Сын то спал, то просыпался среди ночи, кряхтел и клокотал, кашлял, выкашливая из сгнивших внутренностей все, что мешало ему жить: неведомые любови и неведомые предательства, неизвестные ужасы, непонятные клятвы и давно утертые слезы, проклятые чужие, наглые приказы и благословенные прощенья и прощанья. С кашлем наружу выходило все, что составляло обманный смысл его жизни; точнее, выходил он сам, а кто заступал его место, он этого не знал. И не хотел знать.

Кошки в ночи жалобно мяукали и царапали черными когтями фальшивый гобелен.

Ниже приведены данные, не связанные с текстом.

(* Let $\nu$ be a lattice path from $(0,0)$ to $(\ell-n,n)$ with $n\ge 1$, let $f_0$ be the largest index with $b_{f_0}(\nu)=0$, let $\nu^{\#}$ be the path obtained from $\nu$ by deleting its first $f_0+1$ steps (translated to start at the origin), and for $\vec{\mathsf b}=(\mathsf b_0,\dots,\mathsf b_\ell)\in\mathrm{Vec}(\nu)$ let $\vec{\mathsf b}^{\#}=(\mathsf b_{f_0+1}-1,\mathsf b_{f_0+2}-1,\dots,\mathsf b_\ell-1)$, which lies in $\mathrm{Vec}(\nu^{\#})$. If $\vec{\mathsf b}$ is $t$-$\mathsf{Pop}$-sortable in $\mathrm{Vec}(\nu)$, then $\vec{\mathsf b}^{\#}$ is $t$-$\mathsf{Pop}$-sortable in $\mathrm{Vec}(\nu^{\#})$.
   Context: Lattice paths use unit steps N$=(0,1)$, E$=(1,0)$. For a path $\nu$ with $\ell$ steps from $(0,0)$ to $(\ell-n,n)$, $\mathbf b(\nu)=(b_0(\nu),\dots,b_\ell(\nu))$ lists the heights ($y$-coordinates) of the successive lattice points of $\nu$, and $f_k$ ($0\le k\le n$) is the largest index with $b_{f_k}(\nu)=k$. $\mathrm{Vec}(\nu)$ is the set of integer vectors $(\mathsf b_0,\dots,\mathsf b_\ell)$ such that (1) $\mathsf b_{f_k}=k$ for all $k=0,\dots,n$; (2) $b_i(\nu)\le\mathsf b_i\le n$ for all $i$; (3) if $\mathsf b_i=k$ then $\mathsf b_j\le k$ for all $i+1\le j\le f_k$. With the componentwise order, $\mathrm{Vec}(\nu)$ is a finite lattice (isomorphic to the $\nu$-Tamari lattice $\mathrm{Tam}(\nu)$) with minimum $\hat 0$. For a finite lattice $M$, $\mathsf{Pop}_M(x)=\bigwedge(\{y: y\lessdot x\}\cup\{x\})$, and $x$ is $t$-$\mathsf{Pop}$-sortable if $\mathsf{Pop}_M^t(x)=\hat 0$. *)

theory Defs
  imports Main
begin

text \<open>A lattice path is a list of steps: True = north step N, False = east step E.
  A path with l steps and n north steps goes from (0,0) to (l-n,n).\<close>

definition nsteps :: "bool list \<Rightarrow> nat" where
  "nsteps \<nu> = length (filter id \<nu>)"

definition height :: "bool list \<Rightarrow> nat \<Rightarrow> nat" where
  "height \<nu> i = length (filter id (take i \<nu>))"

definition fidx :: "bool list \<Rightarrow> nat \<Rightarrow> nat" where
  "fidx \<nu> k = (GREATEST i. i \<le> length \<nu> \<and> height \<nu> i = k)"

definition Vec :: "bool list \<Rightarrow> int list set" where
  "Vec \<nu> = {bb. length bb = length \<nu> + 1
      \<and> (\<forall>k\<le>nsteps \<nu>. bb ! fidx \<nu> k = int k)
      \<and> (\<forall>i\<le>length \<nu>. int (height \<nu> i) \<le> bb ! i \<and> bb ! i \<le> int (nsteps \<nu>))
      \<and> (\<forall>i\<le>length \<nu>. \<forall>k\<le>nsteps \<nu>. bb ! i = int k \<longrightarrow>
             (\<forall>j. i + 1 \<le> j \<and> j \<le> fidx \<nu> k \<longrightarrow> bb ! j \<le> int k))}"

definition vle :: "int list \<Rightarrow> int list \<Rightarrow> bool" where
  "vle xs ys \<longleftrightarrow> length xs = length ys \<and> (\<forall>i<length xs. xs ! i \<le> ys ! i)"

definition vlt :: "int list \<Rightarrow> int list \<Rightarrow> bool" where
  "vlt xs ys \<longleftrightarrow> vle xs ys \<and> xs \<noteq> ys"

definition covby :: "int list set \<Rightarrow> int list \<Rightarrow> int list \<Rightarrow> bool" where
  "covby S y x \<longleftrightarrow> y \<in> S \<and> x \<in> S \<and> vlt y x \<and> \<not> (\<exists>z\<in>S. vlt y z \<and> vlt z x)"

definition meet :: "int list set \<Rightarrow> int list set \<Rightarrow> int list" where
  "meet S A = (THE m. m \<in> S \<and> (\<forall>a\<in>A. vle m a) \<and>
                  (\<forall>z\<in>S. (\<forall>a\<in>A. vle z a) \<longrightarrow> vle z m))"

definition bottom :: "int list set \<Rightarrow> int list" where
  "bottom S = (THE m. m \<in> S \<and> (\<forall>z\<in>S. vle m z))"

definition Pop :: "int list set \<Rightarrow> int list \<Rightarrow> int list" where
  "Pop S x = meet S ({y. covby S y x} \<union> {x})"

definition pop_sortable :: "int list set \<Rightarrow> nat \<Rightarrow> int list \<Rightarrow> bool" where
  "pop_sortable S t x \<longleftrightarrow> (Pop S ^^ t) x = bottom S"

definition path_sharp :: "bool list \<Rightarrow> bool list" where
  "path_sharp \<nu> = drop (fidx \<nu> 0 + 1) \<nu>"

definition vec_sharp :: "bool list \<Rightarrow> int list \<Rightarrow> int list" where
  "vec_sharp \<nu> bb = map (\<lambda>x. x - 1) (drop (fidx \<nu> 0 + 1) bb)"

end

theory Submission imports Defs begin

text \<open>Let \<open>f\<^sub>0\<close> be the last index at height 0, so that step \<open>f\<^sub>0\<close> of \<open>\<nu>\<close> is its first north
  step, and write \<open>x\<^sup>#\<close> for \<open>vec_sharp \<nu> x\<close>. Every entry of a vector in \<open>Vec \<nu>\<close> after index
  \<open>f\<^sub>0\<close> is at least 1, and the constraints of \<open>Vec \<nu>\<close> on those entries are exactly the
  constraints of \<open>Vec \<nu>\<^sup>#\<close> shifted by one. Hence, for \<open>x \<in> Vec \<nu>\<close>, grafting vectors
  \<open>z \<le> x\<^sup>#\<close> of \<open>Vec \<nu>\<^sup>#\<close> (shifted up by one) onto the first \<open>f\<^sub>0 + 1\<close> entries of \<open>x\<close>
  identifies the interval below \<open>x\<^sup>#\<close> with the elements below \<open>x\<close> that agree with \<open>x\<close> up to
  \<open>f\<^sub>0\<close>. A cover \<open>y\<close> of \<open>x\<close> either satisfies \<open>y\<^sup># = x\<^sup>#\<close> or lies in this image, so \<open>#\<close>
  maps \<open>{x} \<union> {covers of x}\<close> onto \<open>{x\<^sup>#} \<union> {covers of x\<^sup>#}\<close>. Meets in \<open>Vec\<close> are
  componentwise minima, which commute with \<open>#\<close>; so \<open>#\<close> intertwines the two \<open>Pop\<close> maps,
  and it sends the minimum of \<open>Vec \<nu>\<close> (the height vector of \<open>\<nu>\<close>) to that of \<open>Vec \<nu>\<^sup>#\<close>.\<close>

lemma height_0 [simp]: "height \<nu> 0 = 0"
  by (simp add: height_def)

Отец швырял использованные шприцы в мусорную корзину. Перекатывал сына на бок, вытаскивал из-под него грязную простыню, совал ему под спину чистую. Сынок, как же ты ко мне дошел? Бать, я помнил адрес. Я же не дурак и не козел. Сынок, а почему же ты за все эти годы ни разу не позвонил? не написал? где ты, как ты… Бать, только вот этого не надо. Не терзай меня, а? Значит, не до того было. Все эти годы, сынок, не до того?

Сын повертывал голову на подушке. Глаза его потухали. Вспухшие веки налезали на белки. Он слепо косил из-под век, и Матвей будто смотрелся в зеркало: когда он так косил, он становился слишком похожим на отца. Отец узнавал в сыне детские черты, но узнавал и неузнаваемое, а порой узнавал и себя, и даже деда, полжизни простоявшего за гробовой конторкой. Сын замолкал. Не желал говорить.

И Матвей больше не задавал глупых вопросов.